The same applies to comprehensive coverage as applies to collision coverage if the car has a low monetary value. The owners of a car worth less than $1,000, for example, will pay yearly premiums for this coverage. After the car has been completely destroyed by something other than a collision, they will have a deductible to pay and all they will receive is the car’s ACV that could be much lower than what has already been paid in premiums. In this case, comprehensive coverage may not be a good buy.

Emergency Roadside Assistance

It’s not always necessary to purchase emergency roadside assistance because some people already have it. Roadside assistance may be included in the new car’s manufacturer’s warranty. If the vehicle isn’t new, people may still have roadside assistance without knowing it because their credit card companies offer this service.

Car owners also have the option of joining an automobile club such as the American Automobile Association, also known as AAA. Membership with AAA might even be more advantageous to car owners because membership applies to the person and not the vehicle.

For example, if a AAA member is a passenger with someone who is not a AAA member, the passenger has the ability to call AAA for help. It doesn’t matter that the member was not driving his or her own car.

Guaranteed Auto Protection (GAP) Insurance

GAP insurance is a type of coverage that is not needed for every car. When people purchase their vehicles through financing, they receive a loan for the price of the vehicle but the price and what the car is worth will be two very different things.

Everyone has heard that a new vehicle’s value decreases significantly just after the new owner drives it off of the lot. The depreciation continues rapidly in the next two to three years and the difference between what is owed on the vehicle and what it is worth grows. The reason is because the loan’s balance is decreasing at a slower pace than the car is depreciating.

If the vehicle were to be written off as a total loss, the car insurance company would pay the insured the ACV. The problem here would be that this amount wouldn’t cover what is owed on the loan, and the policy holder would have to pay the difference.

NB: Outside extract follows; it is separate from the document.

(* Assume the stochastic matrix $A$ is irreducible, aperiodic, and symmetric, and let $1>\gamma_2\geq\cdots\geq\gamma_N>-1$ be the eigenvalues of $A$ other than the (simple) eigenvalue $1$, listed with multiplicity. Then for every $t\geq 1$, $$\tau_t(A)=\frac{1}{1+\frac{1}{t}\sum_{\ell=2}^N\frac{1-\gamma_\ell^{2t}}{1-\gamma_\ell^2}}.$$ Moreover, setting $\mathscr S(A)=\sum_{\ell=2}^N\frac{1}{1-\gamma_\ell^2}$ and $\Gamma(A)=\max_{2\leq\ell\leq N}|\gamma_\ell|$, for all $t\geq 1$, $$1-\frac{\mathscr S(A)}{t}\leq\tau_t(A)\leq 1-\frac{\mathscr S(A)}{t}+\Gamma(A)^{2t}\frac{\mathscr S(A)}{t}+\Big(\frac{\mathscr S(A)}{t}\Big)^2 .$$ In particular $t(1-\tau_t(A))\to\mathscr S(A)$ as $t\to\infty$.
   Context: Let $X$ be a square-integrable real random variable with $\mathbb E X=\theta$ and $\mathrm{Var}(X)=\sigma^2>0$. Fix an integer $N\geq 2$. For $i\in\{1,\dots,N\}$ and $t\geq 1$ let $X_t^{(i)}$ be random variables distributed as $X$, mutually independent over both $i$ and $t$, and write $\mathbf X_t=(X_t^{(1)},\dots,X_t^{(N)})^\top$. Let $A=(a_{ij})_{1\le i,j\le N}$ be a stochastic matrix ($a_{ij}\geq 0$ and every row sums to $1$). Define $\hat{\boldsymbol\theta}_1=\mathbf X_1$ and $\hat{\boldsymbol\theta}_{t+1}=\frac{t}{t+1}A\hat{\boldsymbol\theta}_t+\frac{1}{t+1}\mathbf X_{t+1}$ for $t\geq 1$. Let $\bar{\mathbb X}_{Nt}=\frac{1}{Nt}\sum_{i=1}^N\sum_{k=1}^t X_k^{(i)}$, $\mathbf 1=(1,\dots,1)^\top$, and let $\|\cdot\|$ denote the Euclidean norm. The performance ratio is $\tau_t(A)=\dfrac{\mathbb E\|(\bar{\mathbb X}_{Nt}-\theta)\mathbf 1\|^2}{\mathbb E\|\hat{\boldsymbol\theta}_t-\theta\mathbf 1\|^2}$, $t\geq 1$. $A$ is irreducible if for every $(i,j)$ there is $k\geq 0$ with $(A^k)_{ij}\neq 0$; aperiodic means the gcd of all $k\geq1$ with $(A^k)_{ii}>0$ equals $1$. *)

theory Defs
  imports "HOL-Analysis.Analysis" "HOL-Probability.Probability"
begin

The difference is what GAP insurance will cover.

Someone with a used car wouldn’t need to purchase GAP insurance if there would never be a large discrepancy between what is owed on the vehicle and the ACV. People who might want to consider GAP insurance are:

* Those who lease their vehicles
* Those whose financing agreements will be longer than five years
* Those who offered a down payment that was less than 20 percent
* Those with the negative equity from their old vehicles rolled into the new loan
* Those who will drive their vehicles more than 15,000 miles a year
* Those who purchased a vehicle known to depreciate rapidly

All five car insurance coverages have a purpose for some vehicles. But, people who don’t own those types of vehicles can evaluate their situations and possibly not have a need to buy this insurance.